Font Size:  

He didn’t raise his voice and she almost trusted his promise not to hurt her, but something terrifying hid in his eyes. “Or what?”

Something shifted between them as she called what she hoped was a bluff. His nostrils flared and he rolled to his back. “If there’s not honesty between us, we have nothing. You may leave.”

Chapter Twenty

Annalise balked. “What? All this and you’re suddenly going to let me just walk out the door?” What the fuck was going on? “This has to be a dream.”

“It feels more like a nightmare,” he said, in a voice so defeated she stilled, one foot already on the ground.

She glanced over her shoulder. His hands folded across his broad chest, fingers entwined as he stared at the ceiling. His jaw ticked with tension and his brow furrowed.

It wasn’t fair for him to make her feel guilty when he was the one who brought her here against her will. Was this how Stockholm syndrome started?

She forced her other foot to the ground, but found it impossible to stand. Damn it. What was wrong with her? This was her chance. Her freedom.

Move your ass, Anna!

She looked back at him again and an inexplicable ache formed in her chest. No! She would not take pity on him. She was not that girl!

She swallowed against a lump in her throat and stood. He wouldn’t look at her.

She glanced at the door. Should she just go? How far would she get? Her fingers brushed the knob and she hesitated.

The pitch-black sky would make it impossible to see. Without her phone, she had no clue which direction was home. Back roads would form a labyrinth and she didn’t have shoes or clothes.

She was making excuses.

This was what she wanted. She’d finally worn him down. So what the hell was this wretched ache in her chest anchoring her to this unending nightmare?

“Adam?”

When he didn’t answer, she approached the bed. Looking down, she read the stricken expression that tightened the skin around his eyes and mouth. She shouldn’t care. He kidnapped her.

But when his gaze turned to her she sucked in a breath, suffering his sadness as if it were her own. In an almost spiritual jolt, she took a clipped step back.

The sensation wouldn’t break. It knifed through her. Hopeless surrender. Defeated optimism. Grieving faith.

She’d only felt something similar to it once before in her life. It had been a pain so acute and damaging, so irreversibly sad she had no idea how she’d ever survive it. That had been the day her mother died.

It made absolutely no sense why she’d feel something similar now. But these weren’t her feelings. They were his. As if a valve had turned, they flowed into her, battering her insides and triggering an excruciating wave of empathy.

Her hand pressed to her chest. “I ... feel your pain. How is that possible?”

He shut his eyes and the connection severed. She wobbled back a step and caught her breath.

“What was that?”

“A slip. I apologize. My faculties aren’t what they usually are.”

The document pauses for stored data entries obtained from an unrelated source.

(* Let $\mathsf P'\subset\mathbb R^m$ be a $(\mu',\epsilon')$-net, $0<\Gamma_0\le1$, and let $\tau\subseteq\mathsf P'$ be a $(k+1)$-dimensional forbidden configuration. If $$0\le\delta_0\le\frac{\mu'^2\Gamma_0^k}{6},$$ then for every $p\in\tau$ we have $R(\tau_p)<\infty$, $$d\big(p,S(\tau_p)\big)\le\Big(\frac{84}{\mu'^3}\frac{\delta_0}{\Gamma_0^k}+\frac{216}{\mu'^3}\Gamma_0\Big)R(\tau_p),\qquad\text{and}\qquad R(\tau_p)<\Big(1+\frac{3\delta_0}{\mu'\Gamma_0^k}\Big)\epsilon'.$$ In particular (since $k\le m$), if $\delta_0\le\mu'^2\Gamma_0^m/6$ then $\tau$ has the $\alpha_0$-hoop property with $\alpha_0=(6/\mu')^3(\Gamma_0+\delta_0/\Gamma_0^m)$.
   Context: Let $d(x,X)$ denote Euclidean distance from a point to a set; $B(c,r)$ is the open ball. For a finite $\mathsf P\subset\mathbb R^m$ and $\epsilon>0$, $\mathsf P$ is $\epsilon$-dense if $d(x,\mathsf P\cup\partial\,\mathrm{conv}(\mathsf P))<\epsilon$ for every $x\in\mathrm{conv}(\mathsf P)$; it is $\mu\epsilon$-separated if $\|p-q\|\ge\mu\epsilon$ for all distinct $p,q\in\mathsf P$. For $0<\mu\le1$, $\mathsf P$ is a $(\mu,\epsilon)$-net if it is $\epsilon$-dense and $\mu\epsilon$-separated. A simplex is a nonempty finite subset $\sigma\subset\mathbb R^m$ (vertices need not be affinely independent); $\dim\sigma=|\sigma|-1$; faces are nonempty subsets. For $p\in\sigma$, $\sigma_p=\sigma\setminus\{p\}$. $L(\sigma)$ is the largest distance between vertices. Altitude $D(p,\sigma)=d(p,\mathrm{aff}(\sigma_p))$. Thickness of a $j$-simplex: $\Upsilon(\sigma)=1$ if $j=0$, else $\min_{p}D(p,\sigma)/(jL(\sigma))$. $\sigma$ is $\Gamma_0$-good if every $j$-face $\sigma^j$ satisfies $\Upsilon(\sigma^j)\ge\Gamma_0^j$; $\Gamma_0$-bad otherwise; a $\Gamma_0$-flake is a $\Gamma_0$-bad simplex whose proper faces are all $\Gamma_0$-good. A circumscribing ball of $\sigma$ is an open ball whose boundary contains all vertices of $\sigma$. If one exists, the circumcentre $c(\sigma)$ and circumradius $R(\sigma)$ are the centre and radius of the smallest one (write $R(\sigma)<\infty$); otherwise $R(\sigma)=\infty$. The circumsphere is $S(\sigma)=\partial B(c(\sigma),R(\sigma))\cap\mathrm{aff}(\sigma)$. Forbidden configuration: given finite $\mathsf P'\subset\mathbb R^m$ and parameters $\mu',\epsilon'>0$, $0<\Gamma_0\le1$, $\delta_0\ge0$, a $(k+1)$-simplex $\tau\subseteq\mathsf P'$ with $k\le m$ is a forbidden configuration if it is a $\Gamma_0$-flake and there exist $p\in\tau$ and a circumscribing ball $B(C,R)$ of $\tau_p$ with $R<\epsilon'$ and $\big|\,\|p-C\|-R\,\big|\le\delta_0\mu'\epsilon'$. A simplex $\tau$ has the $\alpha_0$-hoop property ($\alpha_0>0$) if for every $p\in\tau$, $R(\tau_p)<\infty$ and $d(p,S(\tau_p))\le\alpha_0R(\tau_p)$. *)

theory Defs
  imports "HOL-Analysis.Analysis"
begin

text \<open>Points live in an arbitrary Euclidean space 'a; the ambient dimension m is DIM('a).\<close>

definition eps_dense :: "real \<Rightarrow> 'a::euclidean_space set \<Rightarrow> bool" where
  "eps_dense \<epsilon> P \<longleftrightarrow>
     (\<forall>x \<in> convex hull P. infdist x (P \<union> frontier (convex hull P)) < \<epsilon>)"

definition separated :: "real \<Rightarrow> 'a::euclidean_space set \<Rightarrow> bool" where
  "separated s P \<longleftrightarrow> (\<forall>p\<in>P. \<forall>q\<in>P. p \<noteq> q \<longrightarrow> s \<le> dist p q)"

definition is_net :: "real \<Rightarrow> real \<Rightarrow> 'a::euclidean_space set \<Rightarrow> bool" where
  "is_net \<mu> \<epsilon> P \<longleftrightarrow> finite P \<and> 0 < \<epsilon> \<and> 0 < \<mu> \<and> \<mu> \<le> 1
     \<and> eps_dense \<epsilon> P \<and> separated (\<mu> * \<epsilon>) P"

text \<open>Simplices are nonempty finite sets of points; dimension = card - 1.\<close>

definition sdim :: "'a set \<Rightarrow> nat" where
  "sdim \<sigma> = card \<sigma> - 1"

definition longest_edge :: "'a::euclidean_space set \<Rightarrow> real" where
  "longest_edge \<sigma> = diameter \<sigma>"

definition altitude :: "'a::euclidean_space \<Rightarrow> 'a set \<Rightarrow> real" where
  "altitude p \<sigma> = infdist p (affine hull (\<sigma> - {p}))"

definition thickness :: "'a::euclidean_space set \<Rightarrow> real" where
  "thickness \<sigma> = (if sdim \<sigma> = 0 then 1
     else Min ((\<lambda>p. altitude p \<sigma>) ` \<sigma>) / (real (sdim \<sigma>) * longest_edge \<sigma>))"

definition good :: "real \<Rightarrow> 'a::euclidean_space set \<Rightarrow> bool" where
  "good \<Gamma>0 \<sigma> \<longleftrightarrow> (\<forall>f. f \<subseteq> \<sigma> \<and> f \<noteq> {} \<longrightarrow> \<Gamma>0 ^ sdim f \<le> thickness f)"

definition flake :: "real \<Rightarrow> 'a::euclidean_space set \<Rightarrow> bool" where
  "flake \<Gamma>0 \<sigma> \<longleftrightarrow> \<not> good \<Gamma>0 \<sigma> \<and> (\<forall>f. f \<subset> \<sigma> \<and> f \<noteq> {} \<longrightarrow> good \<Gamma>0 f)"

definition circ_ball :: "'a::euclidean_space set \<Rightarrow> 'a \<Rightarrow> real \<Rightarrow> bool" where
  "circ_ball \<sigma> c r \<longleftrightarrow> 0 < r \<and> (\<forall>v\<in>\<sigma>. dist c v = r)"

definition circumradius :: "'a::euclidean_space set \<Rightarrow> ereal" where
  "circumradius \<sigma> = (if \<exists>c r. circ_ball \<sigma> c r
      then ereal (Inf {r. \<exists>c. circ_ball \<sigma> c r}) else \<infinity>)"

definition circumcentre :: "'a::euclidean_space set \<Rightarrow> 'a" where
  "circumcentre \<sigma> = (THE c. circ_ball \<sigma> c (real_of_ereal (circumradius \<sigma>)))"

definition circumsphere :: "'a::euclidean_space set \<Rightarrow> 'a set" where
  "circumsphere \<sigma> = sphere (circumcentre \<sigma>) (real_of_ereal (circumradius \<sigma>)) \<inter> affine hull \<sigma>"

definition forbidden_config ::
  "'a::euclidean_space set \<Rightarrow> real \<Rightarrow> real \<Rightarrow> real \<Rightarrow> real \<Rightarrow> nat \<Rightarrow> 'a set \<Rightarrow> bool" where
  "forbidden_config P' \<mu>' \<epsilon>' \<Gamma>0 \<delta>0 k \<tau> \<longleftrightarrow>
     \<tau> \<subseteq> P' \<and> card \<tau> = k + 2 \<and> k \<le> DIM('a) \<and> flake \<Gamma>0 \<tau> \<and>
     (\<exists>p\<in>\<tau>. \<exists>C R. circ_ball (\<tau> - {p}) C R \<and> R < \<epsilon>' \<and>
        \<bar>dist p C - R\<bar> \<le> \<delta>0 * \<mu>' * \<epsilon>')"

definition hoop :: "real \<Rightarrow> 'a::euclidean_space set \<Rightarrow> bool" where
  "hoop \<alpha>0 \<tau> \<longleftrightarrow> (\<forall>p\<in>\<tau>. circumradius (\<tau> - {p}) < \<infinity> \<and>
      infdist p (circumsphere (\<tau> - {p})) \<le> \<alpha>0 * real_of_ereal (circumradius (\<tau> - {p})))"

She frowned, not understanding his meaning. “But I felt you. How could you feel so much when we don’t even know each other?”

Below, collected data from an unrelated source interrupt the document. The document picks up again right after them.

(* Let $R$ be an arbitrary associative ring with $1$, let $A,B\unlhd R$ be two-sided ideals, and let $n\ge 3$. Let $H\le \operatorname{GL}(n,R)$ be any subgroup such that $E(n,A)\le H\le \operatorname{GL}(n,R,A)$. Then $$ C_{\operatorname{GL}(n,R)}\big(H,\operatorname{GL}(n,R,B)\big)=C_{\Omega(A,B)}\big(n,R,(B:A)\big). $$
   Context: Commutators are left-normed: $[x,y]=xyx^{-1}y^{-1}$. For subgroups $F,H$ of a group $G$, the centraliser of $F$ modulo $H$ is $C_G(F,H)=\{g\in G\mid [f,g]\in H \text{ for all } f\in F\}$. For $\xi\in R$ and $1\le i\ne j\le n$, $t_{ij}(\xi)=e+\xi e_{ij}$ is the elementary transvection ($e$ the identity matrix, $e_{ij}$ the standard matrix unit). For an ideal $I\unlhd R$, $E(n,I)$ is the subgroup of $\operatorname{GL}(n,R)$ generated by all $t_{ij}(\xi)$ with $\xi\in I$, $1\le i\neq j\le n$, and $\operatorname{GL}(n,R,I)=\{g\in\operatorname{GL}(n,R)\mid g_{ij}\equiv\delta_{ij}\pmod I\}$ is the principal congruence subgroup (kernel of reduction modulo $I$). For two-sided ideals $A,B$, the ideal quotient is $(B:A)=\{x\in R\mid xA\subseteq B \text{ and } Ax\subseteq B\}$, a two-sided ideal. The relative centraliser of $A$ modulo $B$ is $\operatorname{Cent}_R(A,B)=\{x\in R\mid xa-ax\in B \text{ for all } a\in A\}$. Finally $$C_{\Omega(A,B)}(n,R,(B:A))=\{g\in\operatorname{GL}(n,R)\mid g_{ij}\in(B:A)\text{ and } g_{ii}-g_{jj}\in(B:A) \text{ for all } i\ne j,\ \text{and } g_{ii}\in\operatorname{Cent}_R(A,B)\text{ for all } i\}.$$ *)

theory Defs
  imports "HOL-Analysis.Analysis"
begin

text \<open>Square n x n matrices over an associative ring 'a with 1 (class ring_1, not
necessarily commutative), indexed by a finite type 'n with CARD('n) = n.\<close>

definition GL :: "('a::ring_1 ^ 'n ^ 'n) set" where
  "GL = {g. invertible g}"

definition minv :: "'a::ring_1 ^ 'n ^ 'n \<Rightarrow> 'a ^ 'n ^ 'n" where
  "minv g = (THE h. g ** h = mat 1 \<and> h ** g = mat 1)"

definition comm :: "'a::ring_1 ^ 'n ^ 'n \<Rightarrow> 'a ^ 'n ^ 'n \<Rightarrow> 'a ^ 'n ^ 'n" where
  "comm x y = x ** y ** minv x ** minv y"

definition ideal2 :: "'a::ring_1 set \<Rightarrow> bool" where
  "ideal2 I \<longleftrightarrow> 0 \<in> I \<and> (\<forall>x\<in>I. \<forall>y\<in>I. x + y \<in> I) \<and> (\<forall>x\<in>I. - x \<in> I)
     \<and> (\<forall>x\<in>I. \<forall>r. r * x \<in> I \<and> x * r \<in> I)"

definition subgroup_GL :: "('a::ring_1 ^ 'n ^ 'n) set \<Rightarrow> bool" where
  "subgroup_GL H \<longleftrightarrow> H \<subseteq> GL \<and> mat 1 \<in> H \<and> (\<forall>x\<in>H. \<forall>y\<in>H. x ** y \<in> H)
     \<and> (\<forall>x\<in>H. minv x \<in> H)"

definition transv :: "'n \<Rightarrow> 'n \<Rightarrow> 'a::ring_1 \<Rightarrow> 'a ^ 'n ^ 'n" where
  "transv i j \<xi> = (\<chi> k l. (if k = l then 1 else 0) + (if k = i \<and> l = j then \<xi> else 0))"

“You haven’t been listening, Anna. Our souls were made as one, divided and lost until now. I’ve been trying to explain it to you, but you’ve been too angry to listen.”

She frowned. “But you haven’t explained anything. No one has. Everyone just keeps telling me to trust you.”

“And so you should,” he snapped, eyes hard. His brow softened. “I’m sorry. I don’t mean to lose my temper, but I never expected this amount of complication. I did everything I was told, but even when you hand over the reins I feel you fighting me. You have the nature of an unbroken mare.”

She scrunched her face. “I could do without the comparison to farm animals.”

“Do you see? Even now, you make jokes.”

“Adam, I make jokes so I don’t cry. Believe me, nothing about this is funny.”

He exhaled and scrubbed his face with his palms. “I’m running out of time.”

“Time for what?”

He looked up at her and the sharp sorrow was back, stealing her breath. She had no power here, yet he suddenly seemed the fragile one.

“Adam, tell me what you’re hiding. You want my honesty? Earn it. Be honest with me first.”

“I’m dying.”

His words pierced whatever fantasy protected her and her entire existence jerked with sharp awareness. As if an umbrella had been sheltering her all this time, she was suddenly doused with truth. And without knowing why, she felt a strange tie to his mortality, as if responsible for his life or his death.

“Have you seen a doctor?”

“There’s nothing to be done.”

That couldn’t be true. He just didn’t understand the advanced technologies available. “Adam, there are great hospitals out there.”

“They can’t help me.”

And he called her stubborn? “How do you know? Have you tried visiting an actual doctor?”